According to this source (also available as a graphic) and that raw data (see bottom right number), bitcoin mining nowadays (Feb. 2014) tops $20\cdot10^{15}$ SHA-256 per second, that is over $2^{79}$ SHA-256 per year. I'm guessing that a fraction of NSA's budget would allow this organization to do much better.

Here is said raw data as a graphic. Renewed growth since 2013 is attributed to increased use of ASICs. Bitcoin mining SHA-256 hash rate per year

Thus 80 bit of security can not blindly be said good enough today. Depending on the value of the target, the time frame during which a break makes sense, and how easier (or harder) it is to check a key compared to SHA-256 (in particular due to use of key stretching, and the amount of memory necessary per search engine), 80-bit may be very safe, or clearly not enough.


Addition: I second everything in Thomas Pornin's answer, except perhaps "Right now, 80 bits still seem quite sturdy" which is only valid in some contexts, including the context of the question.

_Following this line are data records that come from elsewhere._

definition skewA :: "nat \<Rightarrow> int mat" where
  "skewA g = mat (hnv g) (hnv g)
     (\<lambda>(u,v). if (u,v) \<in> harcs g then 1 else if (v,u) \<in> harcs g then -1 else 0)"

definition Kmat :: "nat \<Rightarrow> int mat" where
  "Kmat g = mat (hnv g - 2) (hnv g - 2) (\<lambda>(i,j). skewA g $$ (i + 2, j + 2))"

end

theory Submission
  imports Defs
begin

text \<open>In H_{g+1} the hubs of the fourth copy are v_1 and v_2, so once they are deleted its interior
  decouples: K_{g+1} is block diagonal with blocks M and K_g, where M lives on v_3, v_4 and the
  interiors of the first three copies. Listing v_1, v_2 first, A_g is K_g bordered by the rows x, y of
  v_1, v_2. Likewise M is diag(K_g, K_g, K_g) bordered by the same 2x2 hub block and by x, y placed
  along a chain, because v_3 is v_2 of copy 1 and v_1 of copy 2, and v_4 is v_2 of copy 2 and v_1 of
  copy 3. If K_g is invertible, the Schur complements of A_g and of M with respect to their K_g-blocks
  coincide, since the quadratic forms u^T K_g^{-1} u of the skew-symmetric inverse vanish; hence
  det M = det(K_g)^2 det A_g. If det K_g = 0, both sides of the claim vanish.\<close>

section \<open>Determinants of skew-bordered block matrices\<close>

lemma det_four_block_mat_schur:
  fixes B :: "'a :: field mat"
  assumes B: "B \<in> carrier_mat p p" and C: "C \<in> carrier_mat p q"
    and C': "C' \<in> carrier_mat q p" and D: "D \<in> carrier_mat q q"
    and E: "E \<in> carrier_mat q q" and DE: "D * E = 1\<^sub>m q"
  shows "det (four_block_mat B C C' D) = det D * det (B - C * E * C')"
proof -
  let ?N = "four_block_mat (1\<^sub>m p) (0\<^sub>m p q) (- (E * C')) (1\<^sub>m q)"
  have EC': "E * C' \<in> carrier_mat q p" using E C' by auto
  have "D * (E * C') = C'"
    using D E C' by (simp add: assoc_mult_mat[symmetric, of D q q E q C' p] DE)
  then have "four_block_mat B C C' D * ?N = four_block_mat (B - C * E * C') C (0\<^sub>m q p) D"
    using B C C' D E EC'
    by (subst mult_four_block_mat[OF B C C' D], auto simp: minus_add_uminus_mat
        mult_minus_distrib_mat uminus_mult_right_mat assoc_mult_mat[of C p q E q C' p])
  moreover have "det ?N = 1"
    using EC' by (subst det_four_block_mat_upper_right_zero[of _ p _ q]) auto
  ultimately have "det (four_block_mat B C C' D)
      = det (four_block_mat (B - C * E * C') C (0\<^sub>m q p) D)"
    using det_mult[of "four_block_mat B C C' D" "p + q" ?N] B C C' D EC' by simp
  also have "\<dots> = det (B - C * E * C') * det D"
    using B C E C' D by (intro det_four_block_mat_lower_left_zero) auto
  finally show ?thesis by (simp add: mult.commute)
qed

Even considering that breaking one instance of KATAN by brute force likely requires significantly less work than $2^{79}$ SHA-256, in the context intended for KATAN (really low-end devices such as RFID tags), an expectable consequence of such break is to be able to clone one single RFID tag, which is very likely feasible at far lower cost by side channel attack or micro-probing, regardless of key size. So right now 80 bit of key is fine enough for an individual RFID tag key on rational grounds (which discounts the irrationally devastating effect of the announce of any break). That would not be the case if all tags used the same key (a classic mistake), or for the master key from which the RFID tag keys are derived, or some other uses of KATAN.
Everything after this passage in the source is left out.